## INPUT DATA
★ ★ ★ ★

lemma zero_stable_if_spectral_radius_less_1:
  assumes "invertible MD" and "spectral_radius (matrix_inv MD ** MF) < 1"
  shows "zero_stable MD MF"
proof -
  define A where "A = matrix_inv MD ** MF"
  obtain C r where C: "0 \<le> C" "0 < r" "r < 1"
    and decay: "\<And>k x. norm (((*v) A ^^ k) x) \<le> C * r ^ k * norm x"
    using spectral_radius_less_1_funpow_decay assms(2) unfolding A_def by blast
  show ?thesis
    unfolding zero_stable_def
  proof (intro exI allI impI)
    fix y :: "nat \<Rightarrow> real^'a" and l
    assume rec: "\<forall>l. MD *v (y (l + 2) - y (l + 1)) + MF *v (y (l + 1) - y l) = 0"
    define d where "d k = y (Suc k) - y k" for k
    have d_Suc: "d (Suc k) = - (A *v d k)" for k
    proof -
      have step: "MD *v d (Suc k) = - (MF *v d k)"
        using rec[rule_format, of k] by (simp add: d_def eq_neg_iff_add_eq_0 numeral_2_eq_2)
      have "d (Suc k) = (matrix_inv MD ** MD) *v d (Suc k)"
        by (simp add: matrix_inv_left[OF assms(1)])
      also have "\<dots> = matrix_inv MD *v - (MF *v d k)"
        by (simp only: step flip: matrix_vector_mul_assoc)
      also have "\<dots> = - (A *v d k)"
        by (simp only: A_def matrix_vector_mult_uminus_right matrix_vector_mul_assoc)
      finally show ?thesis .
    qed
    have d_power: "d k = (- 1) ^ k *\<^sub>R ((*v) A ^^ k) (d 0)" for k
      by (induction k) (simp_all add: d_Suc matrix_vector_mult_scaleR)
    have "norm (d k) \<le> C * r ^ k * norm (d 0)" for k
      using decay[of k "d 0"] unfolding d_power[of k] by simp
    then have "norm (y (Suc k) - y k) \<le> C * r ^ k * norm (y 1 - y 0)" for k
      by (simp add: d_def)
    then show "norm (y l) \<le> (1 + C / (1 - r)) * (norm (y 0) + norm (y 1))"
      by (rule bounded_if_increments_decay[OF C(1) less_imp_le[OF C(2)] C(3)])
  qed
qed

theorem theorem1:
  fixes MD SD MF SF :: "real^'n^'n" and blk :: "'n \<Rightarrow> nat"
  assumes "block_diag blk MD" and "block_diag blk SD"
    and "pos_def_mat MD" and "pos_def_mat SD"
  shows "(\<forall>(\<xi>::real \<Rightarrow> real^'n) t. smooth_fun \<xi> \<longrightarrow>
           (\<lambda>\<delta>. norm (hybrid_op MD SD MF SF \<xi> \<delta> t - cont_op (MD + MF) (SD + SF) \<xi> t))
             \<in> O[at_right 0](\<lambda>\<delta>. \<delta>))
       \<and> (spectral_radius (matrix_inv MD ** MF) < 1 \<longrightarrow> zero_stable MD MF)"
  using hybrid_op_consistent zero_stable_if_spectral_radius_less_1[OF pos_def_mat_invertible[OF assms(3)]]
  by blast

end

★ ★ ★ ★

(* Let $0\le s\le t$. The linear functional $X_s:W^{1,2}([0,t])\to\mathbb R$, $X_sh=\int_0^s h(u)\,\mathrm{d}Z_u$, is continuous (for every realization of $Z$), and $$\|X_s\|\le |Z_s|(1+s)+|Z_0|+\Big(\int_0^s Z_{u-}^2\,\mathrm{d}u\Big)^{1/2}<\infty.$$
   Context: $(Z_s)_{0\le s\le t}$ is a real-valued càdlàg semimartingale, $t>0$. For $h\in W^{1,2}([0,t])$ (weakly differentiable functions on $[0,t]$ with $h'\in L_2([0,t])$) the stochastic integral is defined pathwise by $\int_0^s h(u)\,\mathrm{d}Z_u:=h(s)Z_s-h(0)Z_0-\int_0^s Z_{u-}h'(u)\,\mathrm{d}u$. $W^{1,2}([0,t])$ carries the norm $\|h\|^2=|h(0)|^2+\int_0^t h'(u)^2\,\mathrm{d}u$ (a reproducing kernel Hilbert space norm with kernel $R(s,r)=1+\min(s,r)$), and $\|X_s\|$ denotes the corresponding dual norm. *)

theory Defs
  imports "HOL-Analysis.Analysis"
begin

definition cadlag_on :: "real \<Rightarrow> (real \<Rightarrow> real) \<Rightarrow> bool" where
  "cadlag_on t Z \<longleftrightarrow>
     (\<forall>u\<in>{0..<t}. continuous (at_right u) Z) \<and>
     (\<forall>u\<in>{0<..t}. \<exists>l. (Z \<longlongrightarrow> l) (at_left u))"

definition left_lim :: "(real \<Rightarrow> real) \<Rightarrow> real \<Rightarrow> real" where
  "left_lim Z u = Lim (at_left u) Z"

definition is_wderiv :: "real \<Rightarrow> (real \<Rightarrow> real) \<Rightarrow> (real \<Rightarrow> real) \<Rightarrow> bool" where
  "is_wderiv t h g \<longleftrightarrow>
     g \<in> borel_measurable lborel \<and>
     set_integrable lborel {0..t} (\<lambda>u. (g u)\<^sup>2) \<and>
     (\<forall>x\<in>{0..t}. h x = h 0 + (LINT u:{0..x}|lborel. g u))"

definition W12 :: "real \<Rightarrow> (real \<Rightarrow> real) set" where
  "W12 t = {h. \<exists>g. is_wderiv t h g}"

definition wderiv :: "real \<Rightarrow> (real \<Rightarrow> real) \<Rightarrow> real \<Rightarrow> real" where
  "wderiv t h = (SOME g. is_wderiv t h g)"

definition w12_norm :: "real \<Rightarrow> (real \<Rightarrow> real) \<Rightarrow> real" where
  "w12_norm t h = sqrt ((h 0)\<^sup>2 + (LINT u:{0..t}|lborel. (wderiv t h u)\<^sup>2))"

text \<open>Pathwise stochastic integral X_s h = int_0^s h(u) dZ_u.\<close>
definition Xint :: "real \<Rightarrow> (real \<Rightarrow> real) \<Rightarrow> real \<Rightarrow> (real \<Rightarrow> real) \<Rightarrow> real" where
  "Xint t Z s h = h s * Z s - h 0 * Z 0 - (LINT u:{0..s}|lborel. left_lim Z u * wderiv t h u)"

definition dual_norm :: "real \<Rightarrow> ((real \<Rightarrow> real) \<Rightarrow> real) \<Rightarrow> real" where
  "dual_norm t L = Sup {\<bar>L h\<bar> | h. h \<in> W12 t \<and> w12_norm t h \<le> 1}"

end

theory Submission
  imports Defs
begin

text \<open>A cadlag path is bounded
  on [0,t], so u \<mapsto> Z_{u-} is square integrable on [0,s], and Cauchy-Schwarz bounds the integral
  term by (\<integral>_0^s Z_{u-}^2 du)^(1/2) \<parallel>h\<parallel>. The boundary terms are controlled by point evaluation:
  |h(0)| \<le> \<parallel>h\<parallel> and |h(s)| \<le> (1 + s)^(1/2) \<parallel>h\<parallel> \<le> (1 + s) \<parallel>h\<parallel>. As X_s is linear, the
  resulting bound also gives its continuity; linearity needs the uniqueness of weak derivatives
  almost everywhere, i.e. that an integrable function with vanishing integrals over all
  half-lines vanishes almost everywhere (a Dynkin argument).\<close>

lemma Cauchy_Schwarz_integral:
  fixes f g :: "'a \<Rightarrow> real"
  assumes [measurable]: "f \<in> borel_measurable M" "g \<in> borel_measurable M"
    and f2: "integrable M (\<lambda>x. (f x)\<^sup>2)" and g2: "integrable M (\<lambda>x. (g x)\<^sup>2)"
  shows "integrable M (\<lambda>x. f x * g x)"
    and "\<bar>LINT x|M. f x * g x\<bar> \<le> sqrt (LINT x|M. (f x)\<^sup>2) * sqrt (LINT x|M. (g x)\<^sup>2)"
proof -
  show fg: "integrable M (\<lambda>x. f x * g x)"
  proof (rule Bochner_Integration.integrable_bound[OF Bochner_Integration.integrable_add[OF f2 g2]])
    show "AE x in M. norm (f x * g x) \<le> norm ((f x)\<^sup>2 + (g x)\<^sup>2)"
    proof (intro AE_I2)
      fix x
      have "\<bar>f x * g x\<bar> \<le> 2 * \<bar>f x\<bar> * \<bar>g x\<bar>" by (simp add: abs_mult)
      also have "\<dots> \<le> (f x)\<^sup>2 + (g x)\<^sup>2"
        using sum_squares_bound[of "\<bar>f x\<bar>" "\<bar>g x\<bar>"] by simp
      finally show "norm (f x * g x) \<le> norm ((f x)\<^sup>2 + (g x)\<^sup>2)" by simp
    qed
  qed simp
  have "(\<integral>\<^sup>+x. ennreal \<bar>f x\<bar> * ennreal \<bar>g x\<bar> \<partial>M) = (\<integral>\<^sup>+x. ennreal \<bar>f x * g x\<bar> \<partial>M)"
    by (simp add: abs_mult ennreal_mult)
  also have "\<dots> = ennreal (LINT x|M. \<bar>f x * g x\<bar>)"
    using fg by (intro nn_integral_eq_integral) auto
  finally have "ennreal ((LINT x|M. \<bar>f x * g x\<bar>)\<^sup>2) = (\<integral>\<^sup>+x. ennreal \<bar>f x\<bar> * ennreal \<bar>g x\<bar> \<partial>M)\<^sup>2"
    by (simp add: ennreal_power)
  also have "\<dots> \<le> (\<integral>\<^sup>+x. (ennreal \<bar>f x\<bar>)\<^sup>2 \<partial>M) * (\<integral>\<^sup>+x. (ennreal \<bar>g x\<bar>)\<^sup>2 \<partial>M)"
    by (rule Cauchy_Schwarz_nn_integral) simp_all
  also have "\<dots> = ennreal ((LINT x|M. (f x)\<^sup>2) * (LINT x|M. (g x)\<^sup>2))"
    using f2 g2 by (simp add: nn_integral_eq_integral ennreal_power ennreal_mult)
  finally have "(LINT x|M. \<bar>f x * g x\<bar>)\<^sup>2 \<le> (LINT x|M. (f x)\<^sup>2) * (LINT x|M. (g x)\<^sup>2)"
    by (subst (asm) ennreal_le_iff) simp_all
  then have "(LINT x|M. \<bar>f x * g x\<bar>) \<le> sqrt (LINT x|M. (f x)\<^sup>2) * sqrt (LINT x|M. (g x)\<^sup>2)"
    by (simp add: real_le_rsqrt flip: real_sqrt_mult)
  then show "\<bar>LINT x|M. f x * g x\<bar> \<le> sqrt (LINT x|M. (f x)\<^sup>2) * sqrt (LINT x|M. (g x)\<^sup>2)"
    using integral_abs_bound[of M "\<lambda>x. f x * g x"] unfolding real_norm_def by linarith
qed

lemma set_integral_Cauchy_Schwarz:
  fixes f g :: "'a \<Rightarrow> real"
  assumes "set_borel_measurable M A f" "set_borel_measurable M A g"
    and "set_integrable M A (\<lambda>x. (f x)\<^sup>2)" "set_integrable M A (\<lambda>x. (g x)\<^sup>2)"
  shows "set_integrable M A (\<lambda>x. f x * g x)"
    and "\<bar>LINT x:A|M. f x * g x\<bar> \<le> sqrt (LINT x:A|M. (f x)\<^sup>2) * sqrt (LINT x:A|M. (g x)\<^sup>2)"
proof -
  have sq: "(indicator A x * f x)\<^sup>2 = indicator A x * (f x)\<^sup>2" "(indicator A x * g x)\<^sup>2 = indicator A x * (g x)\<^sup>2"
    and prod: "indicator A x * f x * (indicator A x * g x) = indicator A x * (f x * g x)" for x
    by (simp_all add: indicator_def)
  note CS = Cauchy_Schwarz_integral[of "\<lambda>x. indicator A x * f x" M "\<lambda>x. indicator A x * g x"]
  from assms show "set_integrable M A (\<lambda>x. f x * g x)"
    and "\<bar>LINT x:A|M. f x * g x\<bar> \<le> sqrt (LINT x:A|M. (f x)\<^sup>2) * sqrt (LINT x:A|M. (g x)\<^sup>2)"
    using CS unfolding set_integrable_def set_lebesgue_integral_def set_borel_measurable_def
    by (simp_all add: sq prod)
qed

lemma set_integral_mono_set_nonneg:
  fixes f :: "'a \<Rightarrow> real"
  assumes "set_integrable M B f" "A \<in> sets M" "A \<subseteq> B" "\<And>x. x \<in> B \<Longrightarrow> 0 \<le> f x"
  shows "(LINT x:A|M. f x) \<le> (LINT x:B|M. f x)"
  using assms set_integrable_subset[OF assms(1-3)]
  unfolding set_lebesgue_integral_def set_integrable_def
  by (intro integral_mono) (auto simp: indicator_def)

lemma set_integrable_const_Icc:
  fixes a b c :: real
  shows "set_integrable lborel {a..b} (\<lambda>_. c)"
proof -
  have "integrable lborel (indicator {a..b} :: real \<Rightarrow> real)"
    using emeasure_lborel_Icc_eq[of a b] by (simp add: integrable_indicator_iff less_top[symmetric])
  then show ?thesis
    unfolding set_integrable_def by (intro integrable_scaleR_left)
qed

★ ★ ★ ★

## WHAT TO PRODUCE
Which of the lines above include the string "auto"? Pick them out and copy them.

## TASK OUTPUT
    using fg by (intro nn_integral_eq_integral) auto
  by (intro integral_mono) (auto simp: indicator_def)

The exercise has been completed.